A rods ability to throw heavier lines or not or the need for a rod to keep within true to weight or even lighter lines depends on rod dynamics of butt section and mid section of the rod and the caster's needs and ability to throw certain distances, in various wind conditions with various fly resistances (weight of the fly and/or wind resistance).

The Zephyrus has a lot of lifting power in the butt section so it's able to handle heavier loading with casting and therefore heavier fly lines. The 1pc CC 7 is a faster rod and a little lighter than the Z in the butt and therefore tip cast better with a more true to weight line.
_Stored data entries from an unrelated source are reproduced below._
(* There exist constants $c,C>0$, infinitely many $n$, and for each such $n$ a partial Boolean function $f_n:X_n\rightarrow\{0,1\}$ with $X_n\subseteq\{0,1\}^n$, such that $WUQ(f_n)\le C$ and $WUC(f_n)\ge c\log n$.
   Context: Query model: a classical randomized query algorithm adaptively queries input bits $x_i$ (each query costs one) and outputs a bit; a quantum query algorithm alternates input-independent unitaries with the oracle $O_x:|i,b,z\rangle\mapsto|i,b\oplus x_i,z\rangle$ and measures an output bit. For an algorithm whose minimum over $x\in X$ of the probability of outputting $f(x)$ is $p>1/2$, its bias is $\beta=p-1/2$ and its weakly unbounded cost is (number of queries) $+\log(1/(2\beta))$. $WUQ(f)$ (resp. $WUC(f)$) is the minimum weakly unbounded cost over quantum (resp. classical randomized) algorithms. $\log$ is base 2. *)

theory Defs
  imports "HOL-Probability.Probability"
begin

text \<open>A partial Boolean function is a pair (X, f) with X a set of inputs of length n and
  f :: bool list => bool (only its values on X matter).\<close>

text \<open>Deterministic adaptive query algorithms = decision trees.  Node i l r queries x_i
  and continues in l if x_i = 0, in r if x_i = 1.\<close>

datatype dtree = Leaf bool | Node nat dtree dtree

fun dt_depth :: "dtree \<Rightarrow> nat" where
  "dt_depth (Leaf b) = 0"
| "dt_depth (Node i l r) = Suc (max (dt_depth l) (dt_depth r))"

fun dt_valid :: "nat \<Rightarrow> dtree \<Rightarrow> bool" where
  "dt_valid n (Leaf b) = True"
| "dt_valid n (Node i l r) = (i < n \<and> dt_valid n l \<and> dt_valid n r)"

fun dt_eval :: "dtree \<Rightarrow> bool list \<Rightarrow> bool" where
  "dt_eval (Leaf b) x = b"
| "dt_eval (Node i l r) x = (if x ! i then dt_eval r x else dt_eval l x)"

text \<open>A randomized algorithm making (at most) T queries on inputs of length n is a
  probability distribution D over decision trees of depth at most T querying only
  positions < n.\<close>

definition WUC :: "nat \<Rightarrow> bool list set \<Rightarrow> (bool list \<Rightarrow> bool) \<Rightarrow> real" where
  "WUC n X f = Inf {real T + log 2 (1 / (2 * (p - 1/2))) | T (D :: dtree pmf) p.
      (\<forall>t \<in> set_pmf D. dt_depth t \<le> T \<and> dt_valid n t) \<and>
      1/2 < p \<and> p \<le> 1 \<and>
      (\<forall>x \<in> X. measure_pmf.prob D {t. dt_eval t x = f x} \<ge> p)}"

text \<open>Basis states |i,b,z> with i < n (index register), b a bit (answer register),
  z < m (workspace of dimension m).\<close>

type_synonym qidx = "nat \<times> bool \<times> nat"

definition QI :: "nat \<Rightarrow> nat \<Rightarrow> qidx set" where
  "QI n m = {..<n} \<times> (UNIV :: bool set) \<times> {..<m}"

definition unitary_on :: "qidx set \<Rightarrow> (qidx \<Rightarrow> qidx \<Rightarrow> complex) \<Rightarrow> bool" where
  "unitary_on S U \<longleftrightarrow> (\<forall>j\<in>S. \<forall>k\<in>S.
      (\<Sum>i\<in>S. cnj (U i j) * U i k) = (if j = k then 1 else 0))"

definition apply_mat :: "qidx set \<Rightarrow> (qidx \<Rightarrow> qidx \<Rightarrow> complex) \<Rightarrow> (qidx \<Rightarrow> complex) \<Rightarrow> (qidx \<Rightarrow> complex)" where
  "apply_mat S U \<psi> = (\<lambda>i. \<Sum>j\<in>S. U i j * \<psi> j)"

definition query_op :: "bool list \<Rightarrow> (qidx \<Rightarrow> complex) \<Rightarrow> (qidx \<Rightarrow> complex)" where
  "query_op x \<psi> = (\<lambda>(i, b, z). \<psi> (i, b \<noteq> x ! i, z))"

definition init_state :: "qidx \<Rightarrow> complex" where
  "init_state = (\<lambda>v. if v = (0, False, 0) then 1 else 0)"

text \<open>The algorithm U_0, O_x, U_1, O_x, ..., O_x, U_T (with Us = [U_1,...,U_T])
  applied to |0,0,0>.\<close>
definition qfinal :: "nat \<Rightarrow> nat \<Rightarrow> (qidx \<Rightarrow> qidx \<Rightarrow> complex) \<Rightarrow> (qidx \<Rightarrow> qidx \<Rightarrow> complex) list
    \<Rightarrow> bool list \<Rightarrow> (qidx \<Rightarrow> complex)" where
  "qfinal n m U0 Us x =
     foldl (\<lambda>\<psi> U. apply_mat (QI n m) U (query_op x \<psi>)) (apply_mat (QI n m) U0 init_state) Us"

definition qprob :: "nat \<Rightarrow> nat \<Rightarrow> (qidx \<Rightarrow> qidx \<Rightarrow> complex) \<Rightarrow> (qidx \<Rightarrow> qidx \<Rightarrow> complex) list
    \<Rightarrow> bool list \<Rightarrow> bool \<Rightarrow> real" where
  "qprob n m U0 Us x c = (\<Sum>v\<in>QI n m. if fst (snd v) = c then (cmod (qfinal n m U0 Us x v))\<^sup>2 else 0)"

definition WUQ :: "nat \<Rightarrow> bool list set \<Rightarrow> (bool list \<Rightarrow> bool) \<Rightarrow> real" where
  "WUQ n X f = Inf {real (length Us) + log 2 (1 / (2 * (p - 1/2))) | m U0 Us p.
      0 < m \<and> unitary_on (QI n m) U0 \<and> (\<forall>U \<in> set Us. unitary_on (QI n m) U) \<and>
      1/2 < p \<and> p \<le> 1 \<and>
      (\<forall>x \<in> X. qprob n m U0 Us x (f x) \<ge> p)}"

end

theory Submission
  imports Defs
begin

text \<open>The inputs of size \<open>n = 4\<^sup>m\<close> are the Hadamard codewords
  \<open>x\<^sub>s = (\<langle>i, s\<rangle> mod 2)\<^sub>i\<^sub><\<^sub>n\<close> of the \<open>s < n\<close>, and \<open>f (x\<^sub>s) = g s\<close> for the bent function
  \<open>g s = \<Sum>\<^sub>j s\<^sub>2\<^sub>j s\<^sub>2\<^sub>j\<^sub>+\<^sub>1 mod 2\<close>.  A single Bernstein--Vazirani query recovers \<open>s\<close>
  exactly, after which \<open>g s\<close> is written into the answer register, so \<open>WUQ \<le> 1\<close>.
  Classically, every Walsh coefficient of \<open>(-1)\<^sup>g\<close> has size \<open>2\<^sup>m = \<surd>n\<close>, while the output
  of a depth-\<open>T\<close> decision tree on Hadamard codewords is a combination of at most \<open>2\<^sup>T\<close>
  characters of \<open>s\<close>; so the tree agrees with \<open>f\<close> on at most \<open>n (1 + 2\<^sup>T\<^sup>-\<^sup>m) / 2\<close> inputs.
  Averaging over the inputs, bias \<open>\<beta>\<close> forces \<open>2 \<beta> \<le> 2\<^sup>T\<^sup>-\<^sup>m\<close>, i.e. a weakly unbounded
  cost of at least \<open>m = (log n) / 2\<close>.\<close>

definition bsign :: "bool \<Rightarrow> real" where
  "bsign b = (if b then -1 else 1)"

lemma bsign_simps [simp]: "bsign False = 1" "bsign True = -1" "\<bar>bsign b\<bar> = 1"
  by (simp_all add: bsign_def)

lemma bsign_xor: "bsign (a \<noteq> b) = bsign a * bsign b"
  by (simp add: bsign_def)

lemma sum_lessThan_mult_blocks:
  fixes f :: "nat \<Rightarrow> 'a::comm_monoid_add"
  shows "(\<Sum>r<c * N. f r) = (\<Sum>r<N. \<Sum>e<c. f (c * r + e))"
proof -
  have "(\<Sum>e<c. f (c * r + e)) = sum f {r * c..<r * c + c}" for r
    using sum.shift_bounds_nat_ivl[of f 0 "r * c" c]
    by (simp add: atLeast0LessThan add.commute mult.commute)
  then show ?thesis
    using sum.nat_group[where g = f and n = N and k = c] by (simp add: mult.commute)
qed

unbundle bit_operations_syntax

fun bit_dot :: "nat \<Rightarrow> nat \<Rightarrow> nat \<Rightarrow> bool" where
  "bit_dot 0 i j = False"
| "bit_dot (Suc k) i j = (bit_dot k (i div 2) (j div 2) \<noteq> (odd i \<and> odd j))"

lemma bit_dot_commute: "bit_dot k i j = bit_dot k j i"
  by (induction k arbitrary: i j) auto

lemma bit_dot_0_left [simp]: "bit_dot k 0 j = False"
  by (induction k arbitrary: j) auto

lemma bit_dot_0_right [simp]: "bit_dot k i 0 = False"
  by (subst bit_dot_commute) simp

lemma bit_dot_xor_left: "bit_dot k (v XOR w) s = (bit_dot k v s \<noteq> bit_dot k w s)"
proof (induction k arbitrary: v w s)
  case (Suc k)
  have "(v XOR w) div 2 = v div 2 XOR w div 2" "odd (v XOR w) = (odd v \<noteq> odd w)"
    using xor_nat_rec[of v w] by (simp_all add: even_xor_iff)
  with Suc show ?case by auto
qed simp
Redfish lines in general have shorter more compact heads, tho SA lines are more truer to weight than Airflo (Rio's and Airflo being heavier in general). So.... The SA Amp Salt Infinity is a longer taper with a better presentation, but doesn't like heavy redfish flies. The rating of that line (aside from the level tip portion of the line) is about a 1/2 line weight heavier than true to weight, at the 1st 30ft of the head (which is where affta weight guidelines at measured at). However, there is another 20ft of weighted head at 50ft total length, so airing more of the head while false casting will load the rod deeper into the blank and with some rods, overload it, while the SA Redfish line's total grain weight in the head is all within the 30ft of head (while the Airflo is 1 rod weight over stated weight). So 3 completely different lines on 2 different rods


----------



## permitchaser (Aug 26, 2013)

My rule of thumb is fast rods need +1 weight
I'm old school and never think about grain weight. Maybe on bullets but not fly line, nor would I know how to weigh fly line


----------



## Surffshr (Dec 28, 2017)

well the SA Amplitude and the Hardy did not get along. Very well could be that those longer tapers and I don’t work.


----------



## State fish rob (Jan 25, 2017)

I fish +1 on all my mess 7 Wt and bigger. Oversized guides as well. K I S S. Keep it simple, stupid.


----------